You know how political polls always mention a “margin of error” of so many percentage points? So Candidate X may be 3 percent up in the polls, but that’s actually “a statistical dead heat.” Well, the technology research world needs some discipline like this, because too many research firms have gotten lazy and are playing it fast and loose with small sample sizes.
Of course I realize we all snoozed through statistics and don’t want to revisit that heavy math stuff (chi square, null hypotheses, Type 1 errors, and so on). But I keep getting research reports that make highly specific claims, with an air of learned authority, that turn out to be based on such a small sample size that the results are very likely skewed by chance (or “fooled by randomness,” as in the title of a current math-geek bestseller).

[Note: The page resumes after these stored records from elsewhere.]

(* Let $P,Q,R\in D$ be non-collinear. Identify $S^1$ with $\mathbb{R}/\mathbb{Z}$ via $t\mapsto(\cos2\pi t,\sin2\pi t)$. Let $T_1,T_2\in S^1$ be the endpoints of the chord through $P,Q$, labelled so that $T_1-T_2\in(0,1/2]\bmod 1$; let $T_3\in S^1$ satisfy $2T_3=T_1+T_2\bmod 1$ and $T_3-T_2\in(0,1/2]\bmod1$, and let $T_4=T_3+\frac14\bmod 1$. Use Cartesian coordinates $(x_1,x_2)'$ with respect to the orthonormal basis $\{T_3,T_4\}$ (viewed as unit vectors). Let $u$ be the $x_1$-coordinate of $P$ (equal to that of $Q$), and $k:=e^{d'(P,Q)}$. Put $$A=\frac{2k(k^2+1)(1-u^2)}{(k^2-2ku+1)(k^2+2ku+1)},\quad B=\frac{(k^2+1)\sqrt{1-u^2}}{\sqrt{(k^2-2ku+1)(k^2+2ku+1)}},\quad C=\frac{(k^2-1)^2u}{(k^2-2ku+1)(k^2+2ku+1)},$$ and let $E=\{(x_1,x_2)': \frac{(x_1-C)^2}{A^2}+\frac{x_2^2}{B^2}=1\}$, with $\Phi$ the open region bounded by $E$. Then $E\subset D\cup S^1$ and $E$ is tangent to $S^1$ at $T_1$ and $T_2$. Moreover, if $m$ is the number of triangles inscribed in $S^1$ and circumscribing $\triangle PQR$, then $$m=\begin{cases}0 & \text{if } R\in\Phi,\\ 1 & \text{if } R\in E,\\ 2 & \text{if } R\in D\setminus\overline{\Phi}.\end{cases}$$
   Context: $D=\{(x,y)\in\mathbb{R}^2: x^2+y^2<1\}$ (Beltrami–Klein disk), $S^1$ its boundary circle. For $P,Q\in D$, let $v_1,v_2\in S^1$ be the endpoints of the chord through $P,Q$; then $d'(P,Q)=\frac12\left|\log\frac{|v_1Q||v_2P|}{|v_1P||v_2Q|}\right|$ (this is the Poincaré-disk distance transported by the map $G^{-1}(x,y)=\left(\frac{x}{1+\sqrt{1-x^2-y^2}},\frac{y}{1+\sqrt{1-x^2-y^2}}\right)$). A triangle inscribed in $S^1$ and circumscribing $\triangle PQR$ is a Euclidean triangle with three distinct vertices on $S^1$ such that $P$, $Q$, $R$ lie on three distinct sides of it (one point on each side). *)

theory Defs
  imports "HOL-Analysis.Analysis"
begin

text \<open>Points of the plane R^2 are represented as complex numbers (x,y) = x + i y.
  The Beltrami-Klein disk is D = ball 0 1, its boundary circle S^1 = sphere 0 1.\<close>

definition KD :: "complex set" where
  "KD = ball 0 1"

definition S1 :: "complex set" where
  "S1 = sphere 0 1"

definition chord_ends :: "complex \<Rightarrow> complex \<Rightarrow> complex \<Rightarrow> complex \<Rightarrow> bool" where
  "chord_ends P Q v1 v2 \<longleftrightarrow> P \<noteq> Q \<and> v1 \<in> S1 \<and> v2 \<in> S1 \<and> v1 \<noteq> v2 \<and> collinear {v1, v2, P, Q}"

Take one report I received last week from … let’s just call them Nameless Research. I’d call it Shameless, but it’s not really any worse than many other firms. Using page after page of fancy pie charts, Nameless’ report addressed VoIP, outsourcing, server consolidation, IPv6, Sarbanes-Oxley, open source — pretty much everything and the kitchen sink.

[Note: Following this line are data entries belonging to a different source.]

lemma mult_add_diff_mult_le:
  fixes a x b c d :: nat
  assumes "a \<le> x" "b \<le> d" "c \<le> d"
  shows "a * b + (x - a) * c \<le> x * d"
proof -
  have "a * b + (x - a) * c \<le> a * d + (x - a) * d"
    using assms by (intro add_mono mult_left_mono) auto
  also have "\<dots> = x * d"
    using assms(1) by (simp add: distrib_right[symmetric])
  finally show ?thesis .
qed

lemma yes_weight_le: "\<forall>i<k. a i \<le> x i \<Longrightarrow> yes_weight k r x a \<le> low_count k x * binom_le r k"
  unfolding yes_weight_def low_count_def sum_distrib_right
  by (intro sum_mono mult_add_diff_mult_le binom_le_mono_right) auto

lemma no_weight_le: "\<forall>i<k. a i \<le> x i \<Longrightarrow> no_weight k r x a \<le> low_count k x * binom_le r k"
  unfolding no_weight_def low_count_def sum_distrib_right
proof (rule sum_mono)
  fix i assume "\<forall>i<k. a i \<le> x i" "i \<in> {..<k}"
  then have "x i - (x i - a i) = a i"
    by simp
  then show "(x i - a i) * binom_le r (k - i) + a i * binom_le r (k - Suc i) \<le> x i * binom_le r k"
    using mult_add_diff_mult_le[of "x i - a i" "x i" "binom_le r (k - i)" "binom_le r k" "binom_le r (k - Suc i)"]
    by (simp add: binom_le_mono_right)
qed

lemma low_count_Yst_le:
  assumes "\<forall>i<k. a i \<le> x i"
  shows "low_count k (Yst k x a) \<le> low_count k x"
proof (cases k)
  case (Suc m)
  have "low_count k (Yst k x a) = (\<Sum>i\<le>m. a i) + (\<Sum>i<m. x i - a i)"
    unfolding low_count_def Suc lessThan_Suc_atMost using sum_Yst[of m k x a "\<lambda>_. 1"] Suc by simp
  also have "\<dots> \<le> (\<Sum>i\<le>m. a i) + (\<Sum>i\<le>m. x i - a i)"
    by (intro add_left_mono sum_mono2) auto
  also have "\<dots> = low_count k x"
    unfolding low_count_def Suc lessThan_Suc_atMost sum.distrib[symmetric]
    using assms Suc by (intro sum.cong) auto
  finally show ?thesis .
qed (simp add: low_count_def)

lemma low_count_Nst_le:
  assumes "\<forall>i<k. a i \<le> x i"
  shows "low_count k (Nst k x a) \<le> low_count k x"
proof (cases k)
  case (Suc m)
  have "low_count k (Nst k x a) = (\<Sum>i\<le>m. x i - a i) + (\<Sum>i<m. a i)"
    unfolding low_count_def Suc lessThan_Suc_atMost using sum_Nst[of m k x a "\<lambda>_. 1"] Suc by simp
  also have "\<dots> \<le> (\<Sum>i\<le>m. x i - a i) + (\<Sum>i\<le>m. a i)"
    by (intro add_left_mono sum_mono2) auto
  also have "\<dots> = low_count k x"
    unfolding low_count_def Suc lessThan_Suc_atMost sum.distrib[symmetric]
    using assms Suc by (intro sum.cong) auto
  finally show ?thesis .
qed (simp add: low_count_def)

lemma lie_budget_Yst:
  assumes "\<forall>i<k. a i \<le> x i"
  shows "lie_budget k (Yst k x a) + (\<Sum>i<k. x i - a i) = lie_budget k x"
proof -
  have "lie_budget k (Yst k x a) = (\<Sum>i\<le>k. a i * (k - i)) + (\<Sum>i<k. (x i - a i) * (k - Suc i))"
    unfolding lie_budget_def by (rule sum_Yst) simp
  then have "lie_budget k (Yst k x a) + (\<Sum>i<k. x i - a i)
      = (\<Sum>i<k. a i * (k - i) + ((x i - a i) * (k - Suc i) + (x i - a i)))"
    by (simp add: sum.distrib lessThan_Suc_atMost[symmetric])
  also have "\<dots> = (\<Sum>i<k. x i * (k - i))"
  proof (rule sum.cong)
    fix i assume "i \<in> {..<k}"
    then have "k - i = Suc (k - Suc i)" "x i = a i + (x i - a i)"
      using assms by auto
    then show "a i * (k - i) + ((x i - a i) * (k - Suc i) + (x i - a i)) = x i * (k - i)"
      by (metis (no_types, lifting) distrib_right mult_Suc_right add.commute)
  qed simp
  also have "\<dots> = lie_budget k x"
    unfolding lie_budget_def by (simp add: lessThan_Suc_atMost[symmetric])
  finally show ?thesis .
qed

lemma lie_budget_Nst:
  assumes "\<forall>i<k. a i \<le> x i"
  shows "lie_budget k (Nst k x a) + (\<Sum>i<k. a i) = lie_budget k x"
proof -
  have "lie_budget k (Nst k x a) = (\<Sum>i\<le>k. (x i - a i) * (k - i)) + (\<Sum>i<k. a i * (k - Suc i))"
    unfolding lie_budget_def by (rule sum_Nst) simp
  then have "lie_budget k (Nst k x a) + (\<Sum>i<k. a i)
      = (\<Sum>i<k. (x i - a i) * (k - i) + (a i * (k - Suc i) + a i))"
    by (simp add: sum.distrib lessThan_Suc_atMost[symmetric])
  also have "\<dots> = (\<Sum>i<k. x i * (k - i))"
  proof (rule sum.cong)
    fix i assume "i \<in> {..<k}"
    then have "k - i = Suc (k - Suc i)" "x i = a i + (x i - a i)"
      using assms by auto
    then show "(x i - a i) * (k - i) + (a i * (k - Suc i) + a i) = x i * (k - i)"
      by (metis (no_types, lifting) distrib_right mult_Suc_right add.commute)
  qed simp
  also have "\<dots> = lie_budget k x"
    unfolding lie_budget_def by (simp add: lessThan_Suc_atMost[symmetric])
  finally show ?thesis .
qed

lemma low_count_le_lie_budget: "low_count k x \<le> lie_budget k x"
proof -
  have "low_count k x \<le> (\<Sum>i<k. x i * (k - i))"
    unfolding low_count_def by (rule sum_mono) auto
  also have "\<dots> = lie_budget k x"
    unfolding lie_budget_def by (simp add: lessThan_Suc_atMost[symmetric])
  finally show ?thesis .
qed

lemma legal_imp_low_le: "legal k x a \<Longrightarrow> \<forall>i<k. a i \<le> x i"
  unfolding legal_def by auto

The study presented very granular findings such as: “59 percent of organizations using virtualization are doing so for application testing and development; 20 percent of organizations are planning to backsource work, and of those, 44 percent are doing so because of ‘cost savings not realized’; 8 percent of organizations are looking at a business unit rollout of desktop Linux solutions; and 29 percent of organizations say ILM (information lifecycle management) will be very important to them in the next year.”
Very illuminating. But when you look at the study’s “methods” description, it turns out the survey had included only 132 organizations. And when I e-mailed Nameless Research’s PR guy asking for a statistical clarification, he e-mailed back that only “88 of the 132 gave a company name with no duplicates.” And he attached a boilerplate statement that said that “our objective here is to provide guidance while not attempting to estimate the size of markets or to project adoption rates of various technologies.”
OK, fine. … Nameless Research was basically admitting that the study was SWAG (qualitative is the polite phrase), and not statistically significant. I could have forgiven Nameless right then, given it a pass on not mentioning this in the “methods” description, had the boilerplate e-mail not continued with the following (I kid you not):
“We think the results of this exercise are neither the cryptic omens of foretellers who don’t really tell us much nor the wild (and therefore unreliable) predictions of analysts who have little grounds for making such sure-handed forecasts. While perhaps a little lower in surprise value, our data is deeper in analysis value and more reliable and applicable.”
What? Huh? What were Nameless’ research directors smoking when they wrote this? Obviously they skipped out of statistics in college to attend an extra literature seminar or two. So now they’re saying that despite only 132 (or 88) respondents the survey is “deep in analysis value” and “reliable” without any of the basic math to back it up? Moral of the story: Before you base any major decisions on industry research reports, be very very skeptical – and maybe even a little afraid.